I blame the cooking shows.
Five hours into a marathon of watching slicing and dicing madness, Mom confidently announced that she would cook Mother’s Day lunch for Grandma. My brother Mark and I exchanged worried glances. Our regular family meals had the complexity of ensuring that the hot dog made it into the bun, but Mom seemed unconcerned even when some of her new recipes required small appliances and gadgets we couldn’t pronounce and certainly did not own.
The morning of the lunch, as she was confronted with piles of ingredients that would somehow need to be pieced together to solve the lunch puzzle, doubts started to surface. She bought herself an extra hour by skipping church, but in the end used the time carelessly to stab mercilessly at root vegetables while regretting her decision.
When Grandma arrived, Mom was too busy cursing at the blender to answer the door. I took matters into my hands and greeted Grandma with a gin highball. As she slunk onto a chair and reminisced endlessly about her days at the speakeasy, I started to feel hopeful. By the time we sat to eat I had secretly freshened up her drink two additional times, but unknown to me, so did my brother. When she started calling me Dizzy and humming jazz music, I started to get worried.

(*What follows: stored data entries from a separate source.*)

lemma in_tree_extends:
  assumes "finite V" and "in_tree j v0 S f" and "v0 \<in> S" and "S \<subseteq> V"
    and conn: "\<forall>u\<in>V. \<forall>v\<in>V. (u, v) \<in> (mg_rel (mg_edges V j))\<^sup>*"
  shows "\<exists>g. in_tree j v0 V g"
  using assms(2-4)
proof (induction "card (V - S)" arbitrary: S f rule: less_induct)
  case less
  show ?case
  proof (cases "S = V")
    case True
    with less.prems(1) show ?thesis by blast
  next
    case False
    then obtain y where y: "y \<in> V" "y \<notin> S"
      using less.prems(3) by blast
    then have "(y, v0) \<in> (mg_rel (mg_edges V j))\<^sup>*"
      using conn less.prems(2,3) by blast
    from rtrancl_leaves_set[OF this y(2) less.prems(2)]
    obtain w x where wx: "(w, x) \<in> mg_rel (mg_edges V j)" "w \<notin> S" "x \<in> S" .
    then have w: "w \<in> V" and "j w x \<noteq> 0"
      by (auto simp: mg_rel_def mg_edges_def)
    have "card (V - insert w S) < card (V - S)"
      using assms(1) w wx(2) by (intro psubset_card_mono) auto
    moreover have "in_tree j v0 (insert w S) (f(w := x))"
      using in_tree_insert[OF less.prems(1,2) wx(2,3) \<open>j w x \<noteq> 0\<close>] .
    ultimately show ?thesis
      by (rule less.hyps) (use less.prems(2,3) w in auto)
  qed
qed

lemma ar_pos:
  assumes "finite V" and "v0 \<in> V"
    and conn: "\<forall>u\<in>V. \<forall>v\<in>V. (u, v) \<in> (mg_rel (mg_edges V j))\<^sup>*"
  shows "ar V j v0 > 0"
proof -
  have "in_tree j v0 {v0} id"
    by (simp add: in_tree_def)
  from in_tree_extends[OF assms(1) this _ _ conn] assms(2)
  obtain g where tree: "in_tree j v0 V g" by auto
  define f where "f = restrict g (V - {v0})"
  have "parent_rel V v0 f = parent_rel V v0 g"
    unfolding parent_rel_def f_def by auto
  then have f: "f \<in> parent_maps V v0"
    using tree unfolding parent_maps_def in_tree_def by (auto simp: f_def)
  have "0 < (\<Prod>u\<in>V - {v0}. j u (f u))"
    using tree unfolding in_tree_def f_def by (intro prod_pos) auto
  also have "\<dots> \<le> (\<Sum>f\<in>parent_maps V v0. \<Prod>u\<in>V - {v0}. j u (f u))"
    by (rule member_le_sum[OF f, where f = "\<lambda>g. \<Prod>u\<in>V - {v0}. j u (g u)"])
      (simp_all add: finite_parent_maps assms(1))
  finally show ?thesis
    unfolding ar_eq_sum_parent_maps[OF assms(1)] .
qed

lemma prod_le_prod_subset:
  fixes r :: "'a \<Rightarrow> 'b::linordered_semidom"
  assumes "finite B" and "A \<subseteq> B" and "\<And>x. x \<in> B \<Longrightarrow> 0 \<le> r x \<and> r x \<le> 1"
  shows "prod r B \<le> prod r A"
proof -
  have "prod r B = prod r (B - A) * prod r A"
    using prod.subset_diff[OF assms(2,1)] .
  also have "\<dots> \<le> 1 * prod r A"
    using assms(2,3) by (intro mult_right_mono prod_le_1 prod_nonneg) auto
  finally show ?thesis by simp
qed

lemma parent_map_no_loop:
  assumes "f \<in> parent_maps V v0" and "u \<in> V - {v0}"
  shows "f u \<noteq> u"
proof
  assume loop: "f u = u"
  have "z = u" if "(u, z) \<in> (parent_rel V v0 f)\<^sup>*" for z
    using that by induction (use loop in \<open>auto simp: parent_rel_def\<close>)
  moreover have "(u, v0) \<in> (parent_rel V v0 f)\<^sup>*"
    using assms by (auto simp: parent_maps_def)
  ultimately show False using assms(2) by auto
qed

definition proper_edges :: "'a set \<Rightarrow> ('a \<Rightarrow> 'a \<Rightarrow> nat) \<Rightarrow> ('a \<times> 'a) set" where
  "proper_edges V j = {(u, v). u \<in> V \<and> v \<in> V \<and> u \<noteq> v \<and> j u v \<ge> 1}"

lemma parent_rel_subset_proper_edges:
  assumes "f \<in> parent_maps V v0" and "\<forall>u\<in>V - {v0}. j u (f u) \<noteq> 0"
  shows "parent_rel V v0 f \<subseteq> proper_edges V j"
proof
  fix e assume "e \<in> parent_rel V v0 f"
  then obtain u where u: "u \<in> V - {v0}" and e: "e = (u, f u)"
    by (auto simp: parent_rel_def)
  have "f u \<in> V"
    using assms(1) u by (auto simp: parent_maps_def)
  with u e assms(2) parent_map_no_loop[OF assms(1) u] show "e \<in> proper_edges V j"
    by (auto simp: proper_edges_def Suc_le_eq)
qed

lemma ratio_prod_mult_weight_le:
  assumes "finite V" and le: "\<forall>u v. j' u v \<le> j u v" and f: "f \<in> parent_maps V v0"
  shows "(\<Prod>(u, v)\<in>proper_edges V j. real (j' u v) / real (j u v)) * (\<Prod>u\<in>V - {v0}. real (j u (f u)))
         \<le> (\<Prod>u\<in>V - {v0}. real (j' u (f u)))"
proof (cases "\<forall>u\<in>V - {v0}. j u (f u) \<noteq> 0")
  case False
  then have "(\<Prod>u\<in>V - {v0}. real (j u (f u))) = 0"
    using assms(1) by (intro prod_zero) auto
  moreover have "0 \<le> (\<Prod>u\<in>V - {v0}. real (j' u (f u)))"
    by (rule prod_nonneg) simp
  ultimately show ?thesis
    by simp
next
  case True
  define r where "r = (\<lambda>(u, v). real (j' u v) / real (j u v))"
  have r_unit: "0 \<le> r e \<and> r e \<le> 1" for e
    using le by (cases e) (auto simp: r_def divide_le_eq_1)
  have "finite (proper_edges V j)"
    by (rule finite_subset[of _ "V \<times> V"]) (auto simp: proper_edges_def assms(1))
  then have "prod r (proper_edges V j) \<le> prod r (parent_rel V v0 f)"
    using parent_rel_subset_proper_edges[where j = j, OF f True] r_unit by (intro prod_le_prod_subset) auto
  also have "\<dots> = (\<Prod>u\<in>V - {v0}. r (u, f u))"
    unfolding parent_rel_def by (rule prod.reindex_cong[OF _ refl refl]) (auto intro: inj_onI)
  finally have "prod r (proper_edges V j) * (\<Prod>u\<in>V - {v0}. real (j u (f u)))
      \<le> (\<Prod>u\<in>V - {v0}. r (u, f u)) * (\<Prod>u\<in>V - {v0}. real (j u (f u)))"
    by (intro mult_right_mono prod_nonneg) simp_all
  also have "\<dots> = (\<Prod>u\<in>V - {v0}. r (u, f u) * real (j u (f u)))"
    by (rule prod.distrib[symmetric])
  also have "\<dots> = (\<Prod>u\<in>V - {v0}. real (j' u (f u)))"
    using True by (intro prod.cong) (auto simp: r_def)
  finally show ?thesis
    unfolding r_def .
qed

theorem claim4p7:
  fixes V :: "'a set" and v0 :: 'a and j j' :: "'a \<Rightarrow> 'a \<Rightarrow> nat"
  assumes "finite V" and "v0 \<in> V"
    and "eulerian V j" and "eulerian V j'"
    and "\<forall>u v. j' u v \<ge> 1 \<longleftrightarrow> j u v \<ge> 1"
    and "\<forall>u v. j u v \<ge> j' u v"
  shows "real (ar V j' v0) / real (ar V j v0) \<ge>
         (\<Prod>(u, v) \<in> {(u, v). u \<in> V \<and> v \<in> V \<and> u \<noteq> v \<and> j u v \<ge> 1}.
            real (j' u v) / real (j u v))"
proof -
  let ?P = "\<Prod>(u, v)\<in>proper_edges V j. real (j' u v) / real (j u v)"
  have ar_real: "real (ar V i v0) = (\<Sum>f\<in>parent_maps V v0. \<Prod>u\<in>V - {v0}. real (i u (f u)))" for i
    by (simp add: ar_eq_sum_parent_maps[OF assms(1)])
  have "?P * real (ar V j v0) = (\<Sum>f\<in>parent_maps V v0. ?P * (\<Prod>u\<in>V - {v0}. real (j u (f u))))"
    by (simp add: ar_real sum_distrib_left)
  also have "\<dots> \<le> real (ar V j' v0)"
    unfolding ar_real
    by (intro sum_mono ratio_prod_mult_weight_le[OF assms(1)]) (use assms(6) in auto)
  finally have "?P * real (ar V j v0) \<le> real (ar V j' v0)" .
  moreover have "ar V j v0 > 0"
    using assms(3) by (intro ar_pos[OF assms(1,2)]) (simp add: eulerian_def)
  ultimately show ?thesis
    unfolding proper_edges_def by (simp add: le_divide_eq)
qed

end
(* Let $d:\mathbb{Z}\to\mathbb{C}$ with $d(n)\to0$ as $|n|\to\infty$, and let $(Ju)(n)=u(n-1)+d(n)u(n)+u(n+1)$ on $\ell^2(\mathbb{Z})$. Suppose that (i) for every $n\in\mathbb{Z}$, $\Im(d(n))=0$ or $\Im(d(n+1))=0$; (ii) $\Im(d(n))\ne0$ for infinitely many $n\in\mathbb{Z}$. If $\sum_{k\in\mathbb{Z}}|k|\,|\Re(d(k))|<\infty$, then $J$ has no boundary eigenvalues.
   Context: The numerical range is $\operatorname{Num}(J)=\{\langle Ju,u\rangle:\|u\|=1\}$, and a boundary eigenvalue of $J$ is an eigenvalue of $J$ lying in the topological boundary of $\operatorname{Num}(J)$. *)

theory Defs
  imports "HOL-Analysis.Analysis"
begin

definition l2Z :: "(int \<Rightarrow> complex) set" where
  "l2Z = {u. (\<lambda>n. (cmod (u n))\<^sup>2) summable_on UNIV}"

definition jacobi :: "(int \<Rightarrow> complex) \<Rightarrow> (int \<Rightarrow> complex) \<Rightarrow> int \<Rightarrow> complex" where
  "jacobi d u n = u (n - 1) + d n * u n + u (n + 1)"

definition l2Z_inner :: "(int \<Rightarrow> complex) \<Rightarrow> (int \<Rightarrow> complex) \<Rightarrow> complex" where
  "l2Z_inner v u = (\<Sum>\<^sub>\<infinity>n. v n * cnj (u n))"

definition l2Z_norm :: "(int \<Rightarrow> complex) \<Rightarrow> real" where
  "l2Z_norm u = sqrt (\<Sum>\<^sub>\<infinity>n. (cmod (u n))\<^sup>2)"

definition numrange :: "(int \<Rightarrow> complex) \<Rightarrow> complex set" where
  "numrange d = {l2Z_inner (jacobi d u) u | u. u \<in> l2Z \<and> l2Z_norm u = 1}"

definition is_eigenvalue :: "(int \<Rightarrow> complex) \<Rightarrow> complex \<Rightarrow> bool" where
  "is_eigenvalue d mu \<longleftrightarrow> (\<exists>u\<in>l2Z. u \<noteq> (\<lambda>_. 0) \<and> jacobi d u = (\<lambda>n. mu * u n))"
lemma T_op_error_bound:
  fixes a \<alpha> \<beta> \<epsilon> :: real and f :: "real \<Rightarrow> real"
  assumes a0: "a \<ge> 0" and al: "0 \<le> \<alpha>" and ab: "\<alpha> \<le> \<beta>" and f: "f \<in> C_rho_k" and e0: "\<epsilon> > 0"
  obtains C where
    "\<And>n x. n \<ge> 1 \<Longrightarrow> x \<ge> 0 \<Longrightarrow> \<bar>T_op n a \<alpha> \<beta> f x - f x\<bar> \<le> (3 * \<epsilon> + C / real n) * rho x"
proof -
  from f obtain L where cf: "continuous_on {0..} f" and fl: "((\<lambda>x. f x / rho x) \<longlongrightarrow> L) at_top"
    unfolding C_rho_k_def C_rho_def by auto
  define h where "h t = f t - L * rho t" for t
  have ch: "continuous_on {0..} h"
    unfolding h_def rho_def by (intro continuous_intros cf)
  have "((\<lambda>t. f t / rho t - L) \<longlongrightarrow> 0) at_top"
    using tendsto_diff[OF fl tendsto_const[of L]] by simp
  moreover have "f t / rho t - L = h t / rho t" for t
    unfolding h_def using rho_pos[of t] by (simp add: diff_divide_distrib)
  ultimately have hl: "((\<lambda>t. h t / rho t) \<longlongrightarrow> 0) at_top" by simp
  obtain C0 where C0: "C0 \<ge> 0"
    and modulus: "\<And>x t. x \<ge> 0 \<Longrightarrow> t \<ge> 0 \<Longrightarrow> \<bar>h t - h x\<bar> \<le> 3 * \<epsilon> * rho x + C0 * (t - x)^2"
    using little_o_rho_quadratic_modulus[OF ch hl e0] by blast
  obtain K where K1: "\<And>n x. n \<ge> 1 \<Longrightarrow> x \<ge> 0 \<Longrightarrow> \<bar>x * (T_moment1 n a \<alpha> \<beta> x - x)\<bar> \<le> K * rho x / real n"
    and K2: "\<And>n x. n \<ge> 1 \<Longrightarrow> x \<ge> 0 \<Longrightarrow> \<bar>T_moment2 n a \<alpha> \<beta> x - x^2\<bar> \<le> K * rho x / real n"
    using T_moments_error[OF a0 al ab] by blast
  have "\<bar>T_op n a \<alpha> \<beta> f x - f x\<bar> \<le> (3 * \<epsilon> + (3 * C0 * K + \<bar>L\<bar> * K) / real n) * rho x"
    if n1: "n \<ge> 1" and x0: "x \<ge> 0" for n x
  proof -
    have N0: "real n + \<beta> > 0" using n1 al ab by simp
    define m1 where "m1 = T_moment1 n a \<alpha> \<beta> x"
    define m2 where "m2 = T_moment2 n a \<alpha> \<beta> x"
    note centered = T_op_centered_bound[OF N0 al a0 x0 ch modulus[OF x0], folded m1_def m2_def]
    have "T_op n a \<alpha> \<beta> f x - f x = T_op n a \<alpha> \<beta> (\<lambda>t. h t - h x) x + L * (m2 - x^2)"
      unfolding m2_def using T_op_minus_self_eq[OF N0 al a0 x0 ch _ centered(1), of f L]
      by (simp add: h_def)
    then have "\<bar>T_op n a \<alpha> \<beta> f x - f x\<bar> \<le>
        \<bar>T_op n a \<alpha> \<beta> (\<lambda>t. h t - h x) x\<bar> + \<bar>L\<bar> * \<bar>m2 - x^2\<bar>"
      using abs_triangle_ineq[of "T_op n a \<alpha> \<beta> (\<lambda>t. h t - h x) x" "L * (m2 - x^2)"]
      by (simp only: abs_mult)
    also have "\<dots> \<le> 3 * \<epsilon> * rho x + C0 * (K * rho x / real n + 2 * (K * rho x / real n))
        + \<bar>L\<bar> * (K * rho x / real n)"
    proof (rule add_mono)
      have "(m2 - x^2) - 2 * (x * (m1 - x)) \<le> K * rho x / real n + 2 * (K * rho x / real n)"
        using K1[OF n1 x0] K2[OF n1 x0] unfolding m1_def[symmetric] m2_def[symmetric] by linarith
      from mult_left_mono[OF this C0]
      show "\<bar>T_op n a \<alpha> \<beta> (\<lambda>t. h t - h x) x\<bar>
          \<le> 3 * \<epsilon> * rho x + C0 * (K * rho x / real n + 2 * (K * rho x / real n))"
        using centered(2) by linarith
      show "\<bar>L\<bar> * \<bar>m2 - x^2\<bar> \<le> \<bar>L\<bar> * (K * rho x / real n)"
        using K2[OF n1 x0] unfolding m2_def[symmetric] by (rule mult_left_mono) simp
    qed
    finally show ?thesis by (simp add: algebra_simps add_divide_distrib)
  qed
  then show thesis using that by blast
qed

Mom had, by this time, broken into a bad case of hives. Her pink scoop neckline clashed with the red blotches now taking over her neck and edging upward. As she plated the undercooked soupy casseroles with the overcooked turkey, she worried that Grandma would notice the water spots on the flatware. She worried that there would be stray hair in someone’s food. She worried that a random meteorite would fall from the sky as we sat to eat. She worried.
I decided to send Mom a bit of encouragement. “You did a really great job with everything.” I said and then with a glance, I tossed the compliment baton over to my brother who jumped in seamlessly. He added his praise and Grandma muttered something with an appreciative nod between sips of her drink.
The skin on mom’s chest was changing back to the shade of silly putty when Dad added, “I like what you tried here with the potato salad.”
The word “tried” buzzed around the room like an unwelcome insect. Mom had invested too much energy into this meal to let that word slip by unnoticed. Her spirit, a bright helium balloon at the start of the day, was now a deflated puddle of rubber. Dad started his back paddle.
“What I meant was - ,” he said. I nodded my head, disappointed with his weak opening. Mark stared blankly into his cranberry sauce waiting for the argument to commence. Since the rift had more to do with Mom’s frazzled nerves than what Dad had actually said, we knew he didn’t stand a chance. I winced throughout the blowout while poking my mashed potatoes pretending to be on a miniature archeological dig. Mom unloaded all of her pent up stress until, with slow choking sobs, she finally succumbed to her exhaustion. Dad, still apologizing and whispering praise in her ear, carried her to the sectional and laid her down perpendicular to his mother now passed out on the other side of the couch. Their heads shared the tiny throw pillow with Elvis hand-embroidered onto it; his face frozen in a perpetual grin.
If Mom succeeded in one thing it was getting Mark and I to do the dishes in our first act of mutual cooperation as brother and sister. We cleared the table and stowed away the leftovers as dutifully as Trappist monks.
On her waking, Mom looked from the clean kitchen to Grandma drooling on Elvis and allowed the events of the morning to slowly unfold in her mind. With a deep sigh and meek voice she admitted to enjoying the first nap she could remember since before the two of us were born. Grandma woke up soon after announcing that she had a great time. She could remember nothing after entering our front door.
Mom has already started to plan for Father’s Day. We still plan to have Grandma over, but we will start the day with an unhurried trip to church, then headed home to a delicious catered meal.